Алексей Аркадьевич Наседкин / Aleksey Nasedkin

Успехи пришли к Алексею Аркадьевичу Наседкину рано и, казалось, могли бы вскружить ему голову... Он, родился в Москве, учился в Центральной музыкальной школе, занимался по классу фортепиано у Анны Даниловны Артоболевской — опытного педагога, вырастившего А. Любимова, Л. Тимофееву и других известных музыкантов. В 1958 году, 15-летним подростком, Наседкин был удостоен чести выступить на Всемирной выставке в Брюсселе. «Это был концерт, состоявшийся в рамках дней советской культуры, — рассказывает он. — Сыграл я, помнится, Третий концерт для фортепиано с оркестром Баланчивадзе; аккомпанировал мне Николай Павлович Аносов. Тогда-то, в Брюсселе, я собственно и дебютировал на большой эстраде. Говорили, будто бы неплохо...»

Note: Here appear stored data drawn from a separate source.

(* Let $T\ge2$, $n_t\ge T$, $\mathsf{snr}>0$, $\gamma=\mathsf{snr}/(1+\mathsf{snr})$. Let $\mathbf{X}$ be a random matrix in $\tilde{\mathcal{X}}_{\mathsf{snr}}$, and for $i=2,\dots,T$ let $\mathbf{r}_i\in\mathcal{B}_{i-1}$ denote the vector of the first $i-1$ entries of the $i$-th column of $\mathsf{snr}^{-1/2}\mathbf{X}$ (so that $\mathbf{X}$ is determined by $(\mathbf{r}_2,\dots,\mathbf{r}_T)$). If $(\mathbf{r}_2,\dots,\mathbf{r}_T)$ has density with respect to Lebesgue measure $$p\propto\prod_{i=2}^T(1-\|\mathbf{r}_i\|^2)^{\frac{T-i}{2}}\mathbb{1}(\mathbf{r}_i\in\mathcal{B}_{i-1}),$$ then $\mathbf{q}:=\boldsymbol{\rho}(\mathbf{X})$ is uniformly distributed on $\mathcal{Q}_\gamma$.
   Context: $\mathcal{B}_n:=\{\mathbf{x}\in\mathbb{R}^n:\|\mathbf{x}\|\le1\}$. $\tilde{\mathcal{X}}_{\mathsf{snr}}$ is the set of $\mathbf{X}=[\mathbf{x}_1\cdots\mathbf{x}_T]\in\mathbb{R}^{n_t\times T}$ with $\|\mathbf{x}_j\|=\sqrt{\mathsf{snr}}$ for all $j$, $X_{ij}=0$ for $i>j$, and $X_{jj}\ge0$. $\boldsymbol{\rho}(\mathbf{X})\in\mathbb{R}^{\binom T2}$, indexed by unordered pairs of distinct elements of $\{1,\dots,T\}$, has entries $\rho_{\{i_1,i_2\}}(\mathbf{X})=\frac{\mathbf{x}_{i_1}^{\mathsf T}\mathbf{x}_{i_2}}{\sqrt{(1+\|\mathbf{x}_{i_1}\|^2)(1+\|\mathbf{x}_{i_2}\|^2)}}$. For $\mathbf{q}\in\mathbb{R}^{\binom T2}$, $\boldsymbol{\Sigma}(\mathbf{q})$ is the $T\times T$ symmetric matrix with unit diagonal and $(j,k)$ entry $q_{\{j,k\}}$, and $\mathcal{Q}_\gamma:=\{\mathbf{q}:\boldsymbol{\Sigma}(\mathbf{q})\succeq(1-\gamma)\mathbf{I}\}$. *)

theory Defs
  imports "HOL-Probability.Probability"
begin

text \<open>Matrices are functions nat => nat => real, indexed 1-based: X i j is the entry in
  row i (1 <= i <= n_t) and column j (1 <= j <= T). Column j is x_j = (X 1 j, ..., X n_t j).\<close>

definition col_sqnorm :: "nat \<Rightarrow> (nat \<Rightarrow> nat \<Rightarrow> real) \<Rightarrow> nat \<Rightarrow> real" where
  "col_sqnorm nt X j = (\<Sum>l=1..nt. (X l j)^2)"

Годом позднее юноша поехал в Вену, на Всемирный фестиваль молодежи, и привез оттуда золотую медаль. Ему вообще «везло» на участие в конкурсах. «Везло, поскольку к каждому из них я усиленно готовился, подолгу и кропотливо работал за инструментом, это, естественно, и заставляло меня идти вперед. В творческом отношении, полагаю, конкурсы дали мне не слишком много...» Так или иначе, став студентом Московской консерватории (он занимался вначале у Г. Г. Нейгауза, а после его кончины у Л. Н. Наумова), Наседкин испробовал свои силы, и весьма успешно, еще в нескольких соревнованиях. В 1962 году он стал лауреатом Конкурса имени Чайковского. В 1966 году вошел в тройку призеров на международном конкурсе в Лидсе (Великобритания). Особенно «урожайным» на призы оказался для него год 1967-й. «На протяжении каких-нибудь полутора месяцев я принял участие сразу в трех состязаниях. Первым был Конкурс имени Шуберта в Вене. Вслед за ним там же, в столице Австрии,— соревнование на лучшее исполнение музыки XX века. Наконец, конкурс камерных ансамблей в Мюнхене, где я играл вместе с виолончелисткой Наталией Гутман». И всюду Наседкин занял первые места. Известность не оказала ему недоброй услуги, как иногда случается. Награды и медали, возрастая числом, не ослепили его своим сиянием, не сбили с творческого курса.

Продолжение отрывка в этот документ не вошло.